Introduction to Missing Data (8/22/2012)
Types of Missing Data
- Missing completely at random (MCAR)
- Admistrative errors/accidents
- Missing at random (MAR) (“Although missing at random (MAR) is a non-testable assumption, it has been pointed out in the literature that we can get very close to MAR if we include enough variables in the imputation models”)
- Missingness related to known patient characteristics, time or place (“MAR on \( x \)”), or to the outcome (“MAR on \( y \)”)
- Informative missing (non-ignorable non-response)
- Missingness related to value of predictor or characteristics not available in the analysis
Prelude to Modeling
- Quantify extent of missing data
- Characterize types of subjects with missing data
- Find sets of variables missing on same subjects
Missing Values for Different Response Variables
- Serial data with subjects dropping out (not covered in this
course)
- \( y \)=time to event, follow-up curtailed: covered under survival
analysis (White and Royston provide a method
for multiply imputing missing covariate values using censored
survival time data.)
- Often discard observations with completely missing \( y \) but
sometimes wasteful
- Characterize missings in \( y \) before dropping obs.

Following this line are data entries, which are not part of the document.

(* Let $\Gamma$ be a countably infinite residually finite group and $\{\Gamma_n\}_{n\in\mathbb N}$ a strictly decreasing sequence of finite-index normal subgroups with $\bigcap_n\Gamma_n=\{e_\Gamma\}$. Let $X=\varprojlim\Gamma/\Gamma_n$ with left translation action of $\Gamma\subseteq X$ and quotient maps $\pi_n:X\to\Gamma/\Gamma_n$. For each $n\ge2$ pick $\gamma_n\in\Gamma_{n-1}\setminus\Gamma_n$ and set $C_n=\pi_n^{-1}(\gamma_n\Gamma_n)$. Put $X_+=\bigcup_{n\ge2}C_n$ and $X_-=X\setminus(X_+\cup\{e_\Gamma\})$. Then every independence set $M\subseteq\Gamma$ for $(X_+,X_-)$ has cardinality at most $5$.
   Context: $X=\varprojlim\Gamma/\Gamma_n$ is the set of $(x_n)\in\prod_n\Gamma/\Gamma_n$ compatible under the natural maps $\Gamma/\Gamma_{n+1}\to\Gamma/\Gamma_n$, a compact metrizable group containing $\Gamma$ as a dense subgroup. A set $M\subseteq\Gamma$ is an independence set for $(A_1,A_2)$ if $\bigcap_{s\in F}s^{-1}A_{\omega(s)}\ne\emptyset$ for every nonempty finite $F\subseteq M$ and every $\omega\in\{1,2\}^F$. *)

theory Defs
  imports "HOL-Algebra.Coset" "HOL-Library.Countable_Set"
begin

definition residually_finite :: "('a, 'b) monoid_scheme \<Rightarrow> bool" where
  "residually_finite G \<longleftrightarrow>
     (\<forall>g\<in>carrier G. g \<noteq> \<one>\<^bsub>G\<^esub> \<longrightarrow>
        (\<exists>N. N \<lhd> G \<and> finite (rcosets\<^bsub>G\<^esub> N) \<and> g \<notin> N))"

text \<open>A point is a compatible sequence of
  cosets x n \<in> G/Gamma_n; compatibility under Gamma/Gamma_{n+1} \<rightarrow> Gamma/Gamma_n
  means x (n+1) \<subseteq> x n.  The unused index 0 is normalised to the whole carrier.\<close>
definition invlim :: "('a, 'b) monoid_scheme \<Rightarrow> (nat \<Rightarrow> 'a set) \<Rightarrow> (nat \<Rightarrow> 'a set) set" where
  "invlim G \<Gamma> = {x. x 0 = carrier G \<and>
      (\<forall>n\<ge>1. x n \<in> rcosets\<^bsub>G\<^esub> (\<Gamma> n) \<and> x (Suc n) \<subseteq> x n)}"

definition embed :: "('a, 'b) monoid_scheme \<Rightarrow> (nat \<Rightarrow> 'a set) \<Rightarrow> 'a \<Rightarrow> nat \<Rightarrow> 'a set" where
  "embed G \<Gamma> g = (\<lambda>n. if n = 0 then carrier G else g <#\<^bsub>G\<^esub> \<Gamma> n)"

definition act :: "('a, 'b) monoid_scheme \<Rightarrow> 'a \<Rightarrow> (nat \<Rightarrow> 'a set) \<Rightarrow> nat \<Rightarrow> 'a set" where
  "act G s x = (\<lambda>n. s <#\<^bsub>G\<^esub> x n)"

definition Xplus :: "('a, 'b) monoid_scheme \<Rightarrow> (nat \<Rightarrow> 'a set) \<Rightarrow> (nat \<Rightarrow> 'a) \<Rightarrow> (nat \<Rightarrow> 'a set) set" where
  "Xplus G \<Gamma> \<gamma> = (\<Union>n\<in>{2..}. {x \<in> invlim G \<Gamma>. x n = \<gamma> n <#\<^bsub>G\<^esub> \<Gamma> n})"

definition Xminus :: "('a, 'b) monoid_scheme \<Rightarrow> (nat \<Rightarrow> 'a set) \<Rightarrow> (nat \<Rightarrow> 'a) \<Rightarrow> (nat \<Rightarrow> 'a set) set" where
  "Xminus G \<Gamma> \<gamma> = invlim G \<Gamma> - (Xplus G \<Gamma> \<gamma> \<union> {embed G \<Gamma> \<one>\<^bsub>G\<^esub>})"

text \<open>Independence set for a pair (A1, A2) of subsets of X under an action;
  omega \<in> {1,2}^F is encoded as a boolean-valued function (True = 1, False = 2).\<close>
definition indep_set :: "'x set \<Rightarrow> ('g \<Rightarrow> 'x \<Rightarrow> 'x) \<Rightarrow> 'x set \<Rightarrow> 'x set \<Rightarrow> 'g set \<Rightarrow> bool" where
  "indep_set X T A1 A2 M \<longleftrightarrow>
     (\<forall>F (\<omega> :: 'g \<Rightarrow> bool). F \<subseteq> M \<longrightarrow> F \<noteq> {} \<longrightarrow> finite F \<longrightarrow>
        (\<Inter>s\<in>F. {x \<in> X. T s x \<in> (if \<omega> s then A1 else A2)}) \<noteq> {})"

end

(*
  The points of X are the ends of the rooted tree of cosets g \<Gamma>_n, and for a = s^-1 the
  translate s^-1 X_+ = a X_+ consists of the ends that leave the path of a at some level
  n \<ge> 2 into the coset a \<gamma>_n \<Gamma>_n, a sibling of a \<Gamma>_n because \<gamma>_n \<in> \<Gamma>_(n-1).

  Suppose four elements have all sign patterns realised, and let m be the last level at
  which their cosets all coincide. If two of them, a and a', still agree at level m+1 while
  a third one b splits off there, an end in a X_+ but not in a' X_+ must follow the path of
  a through level m+1; whether it lies in b X_+ is then decided by its (common) coset at
  level m+1, so not both sign patterns for b occur. Otherwise three of them split pairwise
  at level m+1, and an end in their three translates but not in that of the fourth would
  have to pass at level m+1 through a \<Gamma>_(m+1) or a \<gamma>_(m+1) \<Gamma>_(m+1) for each of the three
  elements a, which is impossible. So independence sets have at most three elements; the
  countability, infinity and residual finiteness of the group and the finiteness of the
  indices are not needed.
*)

theory Submission
  imports Defs
begin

Problems with simple alternatives to imputation
Deletion of records—
- Badly biases parameter estimates when the probability of a
case being incomplete is related to \( y \) and not just
\( x \)
- Deletion because of a subset of \( x \) being missing
always results in inefficient estimates
- Deletion of records with missing \( y \) can result in
biases but is the preferred approach
under MCAR (Multiple imputation of \( y \) in that case
does not improve the analysis and assumes the imputation
model is correct.)
However von Hippel found advantages to a “use
all variables to impute all variables then drop observations with
missing \( y \)” approach
Only discard obs. when
- MCAR can be justified
- Rarely missing predictor of overriding importance that can't be
imputed from other data
- Fraction of obs. with missings small and \( n \) is large
No advantage of deletion except savings of analyst time
Making up missing data better than throwing away real data
Adding extra categories of categorical predictors—
- Including missing data but adding a category missing' causes
serious biases
- Problem acute when values missing because subject too sick
- Difficult to interpret
- Fails even under MCAR
- May be OK if values are
missing" because ofnot
applicable", e.g. you have a measure of marital
happiness, dichotomized as high or low, but your sample contains some
unmarried people. OK to have a 3-category
variable with values high, low, and unmarried.
Likewise, serious problems are caused by setting missing continuous
predictors to a constant (e.g., zero) and adding an indicator variable
to try to estimate the effect of missing values.